Copy nothing from the entries below except the lines from the one containing "z z' \<longleftrightarrow>" through the one containing "using pos by (auto simp: step_def)", and copy those exactly.

(Collected data entries)
^^^^^^^^^^^^^^^^

lemma solution_vanishes_of_nonentering_ray:
  assumes sol: "a \<in> horn_puiseux_solutions B c" and k: "k = 1 \<or> k = 2"
    and e: "e = shift k \<or> e = - shift k"
    and "0 \<le> fst e \<or> fst z < 0 \<and> fst e \<le> 0" "0 \<le> snd e \<or> snd z < 0 \<and> snd e \<le> 0"
  shows "a (exponent_of z) = 0"
proof (rule ccontr)
  assume nz: "a (exponent_of z) \<noteq> 0"
  define ray where "ray m = z + (int m * fst e, int m * snd e)" for m :: nat
  have ray_Suc: "ray (Suc m) = ray m + e" for m
    by (simp add: ray_def prod_eq_iff algebra_simps)
  have nonentering: "x + int m * d + d < 0 \<longrightarrow> x + int m * d < 0" if "0 \<le> d \<or> x < 0 \<and> d \<le> 0"
    for x d :: int and m
    using that mult_nonneg_nonpos[of "int m" d] by auto
  have "fst (ray m + e) < 0 \<longrightarrow> fst (ray m) < 0" "snd (ray m + e) < 0 \<longrightarrow> snd (ray m) < 0" for m
    using nonentering assms(4,5) by (simp_all add: ray_def)
  then have ray_support: "a (exponent_of (ray m)) \<noteq> 0" for m
  proof (induction m)
    case 0
    then show ?case
      using nz by (simp add: ray_def flip: zero_prod_def)
  next
    case (Suc m)
    then show ?case
      unfolding ray_Suc using solution_support_propagates[OF sol k e] by blast
  qed
  have "e \<noteq> 0"
    using e shift_nonzero[OF k] by auto
  then obtain m where "a (exponent_of (ray m)) = 0"
    using solution_support_leaves_ray[OF sol, of e z] unfolding ray_def by blast
  with ray_support show False
    by blast
qed

end

text \<open>The components of the graph on the nonnegative quadrant with edges \<open>\<plusminus>u, \<plusminus>v\<close>, for
  \<open>u = (u\<^sub>1, -u\<^sub>2)\<close> and \<open>v = (v\<^sub>1, -v\<^sub>2)\<close> with positive entries, are counted by orienting the
  edges as \<open>z \<rightarrow> z + v\<close> and \<open>z \<rightarrow> z - u\<close>: if \<open>u\<^sub>1 v\<^sub>2 < v\<^sub>1 u\<^sub>2\<close> both steps increase the
  potential \<open>(u\<^sub>2 + v\<^sub>2) z\<^sub>1 + (u\<^sub>1 + v\<^sub>1) z\<^sub>2\<close>, the system is locally confluent, and each
  component contains exactly one normal form, a point of \<open>[0, u\<^sub>1) \<times> [0, v\<^sub>2)\<close>.\<close>

locale quadrant_rewriting =
  fixes u1 u2 v1 v2 :: int
  assumes pos: "u1 > 0" "u2 > 0" "v1 > 0" "v2 > 0" and slope: "u1 * v2 < v1 * u2"
begin

definition step :: "int \<times> int \<Rightarrow> int \<times> int \<Rightarrow> bool" where
  "step z z' \<longleftrightarrow> z \<in> nonneg_quadrant \<and> z' \<in> nonneg_quadrant \<and> (z' = z + (v1, - v2) \<or> z' = z - (u1, - u2))"

definition normal :: "int \<times> int \<Rightarrow> bool" where
  "normal z \<longleftrightarrow> z \<in> nonneg_quadrant \<and> (\<forall>z'. \<not> step z z')"

lemma normal_iff: "normal z \<longleftrightarrow> 0 \<le> fst z \<and> fst z < u1 \<and> 0 \<le> snd z \<and> snd z < v2"
proof (cases "z \<in> nonneg_quadrant")
  case True
  then have "step z (z - (u1, - u2)) \<longleftrightarrow> u1 \<le> fst z" "step z (z + (v1, - v2)) \<longleftrightarrow> v2 \<le> snd z"
    using pos by (auto simp: step_def)
  moreover have "(\<forall>z'. \<not> step z z') \<longleftrightarrow> \<not> step z (z - (u1, - u2)) \<and> \<not> step z (z + (v1, - v2))"
    by (metis step_def)
  ultimately show ?thesis
    using True by (auto simp: normal_def)
qed (auto simp: normal_def)

lemma card_normal: "card {z. normal z} = nat u1 * nat v2"
proof -
  have "{z. normal z} = {0..<u1} \<times> {0..<v2}"
    by (auto simp: normal_iff)
  then show ?thesis
    by (simp add: card_cartesian_product)
qed

lemma finite_normal: "finite {z. normal z}"
  using card_normal pos by (intro card_ge_0_finite) simp

lemma local_confluence:
  assumes "step z x" "step z y" "x \<noteq> y"
  shows "\<exists>w. step x w \<and> step y w"
proof -
  have "step x (z + (v1, - v2) - (u1, - u2)) \<and> step y (z + (v1, - v2) - (u1, - u2))"
    using assms pos by (auto simp: step_def)
  then show ?thesis
    by blast
qed

definition potential :: "int \<times> int \<Rightarrow> int" where
  "potential z = (u2 + v2) * fst z + (u1 + v1) * snd z"

lemma potential_step: "step z z' \<Longrightarrow> potential z < potential z'"
  using slope by (auto simp: step_def potential_def algebra_simps)

lemma potential_steps: "step\<^sup>*\<^sup>* z P \<Longrightarrow> potential z \<le> potential P"
  by (induction rule: rtranclp_induct) (auto dest: potential_step)

lemma normal_steps: "step\<^sup>*\<^sup>* z P \<Longrightarrow> normal z \<Longrightarrow> z = P"
  by (induction rule: converse_rtranclp_induct) (auto simp: normal_def)

lemma steps_to_normal_after_step:
  assumes "step\<^sup>*\<^sup>* z P" "normal P" "step z x"
  shows "step\<^sup>*\<^sup>* x P"
  using assms
proof (induction arbitrary: x rule: converse_rtranclp_induct)
  case base
  then show ?case
    by (metis normal_def)
next
  case (step z y)
  show ?case
  proof (cases "x = y")
    case False
    then obtain w where "step x w" "step y w"
      using local_confluence[OF step.prems(2) step.hyps(1)] by blast
    then show ?thesis
      using step.IH[OF step.prems(1)] by (meson converse_rtranclp_into_rtranclp)
  qed (use step in simp)
qed

lemma unique_normal_form:
  assumes "step\<^sup>*\<^sup>* z P" "step\<^sup>*\<^sup>* z P'" "normal P" "normal P'"
  shows "P = P'"
  using assms(2,1,3,4)
proof (induction rule: converse_rtranclp_induct)
  case base
  then show ?case
    using normal_steps by blast
next
  case (step z y)
  then show ?case
    using steps_to_normal_after_step by blast
qed

lemma step_preserves_normal_form:
  assumes "step z z'" "normal P"
  shows "step\<^sup>*\<^sup>* z P \<longleftrightarrow> step\<^sup>*\<^sup>* z' P"
  using steps_to_normal_after_step[OF _ assms(2,1)] assms(1)
  by (meson converse_rtranclp_into_rtranclp)

lemma finite_steps_to: "finite {z \<in> nonneg_quadrant. step\<^sup>*\<^sup>* z P}"
proof (rule finite_subset)
  show "{z \<in> nonneg_quadrant. step\<^sup>*\<^sup>* z P} \<subseteq> {0..potential P} \<times> {0..potential P}"
  proof
    fix z assume z: "z \<in> {z \<in> nonneg_quadrant. step\<^sup>*\<^sup>* z P}"
    then have "fst z \<le> (u2 + v2) * fst z" "snd z \<le> (u1 + v1) * snd z"
      using pos by (simp_all add: mult_le_cancel_right1)
    then show "z \<in> {0..potential P} \<times> {0..potential P}"
      using potential_steps[of z P] z pos by (auto simp: potential_def mem_Times_iff)
  qed
qed simp

lemma steps_to_normal:
  assumes "finite S" "z \<in> S" "\<And>x y. x \<in> S \<Longrightarrow> step x y \<Longrightarrow> y \<in> S" "z \<in> nonneg_quadrant"
  obtains P where "normal P" "step\<^sup>*\<^sup>* z P"
proof -
  define K where "K = Max (potential ` S)"
  have "\<exists>P. normal P \<and> step\<^sup>*\<^sup>* z P" if "z \<in> S" "z \<in> nonneg_quadrant" "nat (K - potential z) = n" for z n
    using that
  proof (induction n arbitrary: z rule: less_induct)
    case (less n)
    show ?case
    proof (cases "normal z")
      case False
      then obtain z' where z': "step z z'"
        using less.prems(2) by (auto simp: normal_def)
      have "z' \<in> S" "z' \<in> nonneg_quadrant"
        using assms(3)[OF less.prems(1) z'] z' by (auto simp: step_def)
      have "potential z' \<le> K"
        unfolding K_def using assms(1) \<open>z' \<in> S\<close> by simp
      then have "nat (K - potential z') < n"
        using potential_step[OF z'] less.prems(3) by linarith
      then obtain P where "normal P" "step\<^sup>*\<^sup>* z' P"
        using less.IH \<open>z' \<in> S\<close> \<open>z' \<in> nonneg_quadrant\<close> by blast
      then show ?thesis
        using z' by (meson converse_rtranclp_into_rtranclp)
    qed blast
  qed
  then show thesis
    using assms(2,4) that by blast
qed

end

locale opposite_pair = independent_pair +
  assumes opposite: "opposite_open_quadrants (B i) (B j)"
begin

abbreviation p :: "nat \<Rightarrow> int" where "p k \<equiv> \<bar>entry (B i) k\<bar>"
abbreviation r :: "nat \<Rightarrow> int" where "r k \<equiv> \<bar>entry (B j) k\<bar>"

lemma entries_opposite:
  assumes "k = 1 \<or> k = 2"
  shows "entry (B i) k \<noteq> 0" "sgn (entry (B j) k) = - sgn (entry (B i) k)"
  using opposite assms by (auto simp: opposite_open_quadrants_def entry_def)

definition step_dir :: "nat \<Rightarrow> int \<times> int" where
  "step_dir k = (if entry (B i) k > 0 then shift k else - shift k)"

^^^^^^^^^^^^^^^^

◆ **Exercise solution**
  "step z z' \<longleftrightarrow> z \<in> nonneg_quadrant \<and> z' \<in> nonneg_quadrant \<and> (z' = z + (v1, - v2) \<or> z' = z - (u1, - u2))"

definition normal :: "int \<times> int \<Rightarrow> bool" where
  "normal z \<longleftrightarrow> z \<in> nonneg_quadrant \<and> (\<forall>z'. \<not> step z z')"

lemma normal_iff: "normal z \<longleftrightarrow> 0 \<le> fst z \<and> fst z < u1 \<and> 0 \<le> snd z \<and> snd z < v2"
proof (cases "z \<in> nonneg_quadrant")
  case True
  then have "step z (z - (u1, - u2)) \<longleftrightarrow> u1 \<le> fst z" "step z (z + (v1, - v2)) \<longleftrightarrow> v2 \<le> snd z"
    using pos by (auto simp: step_def)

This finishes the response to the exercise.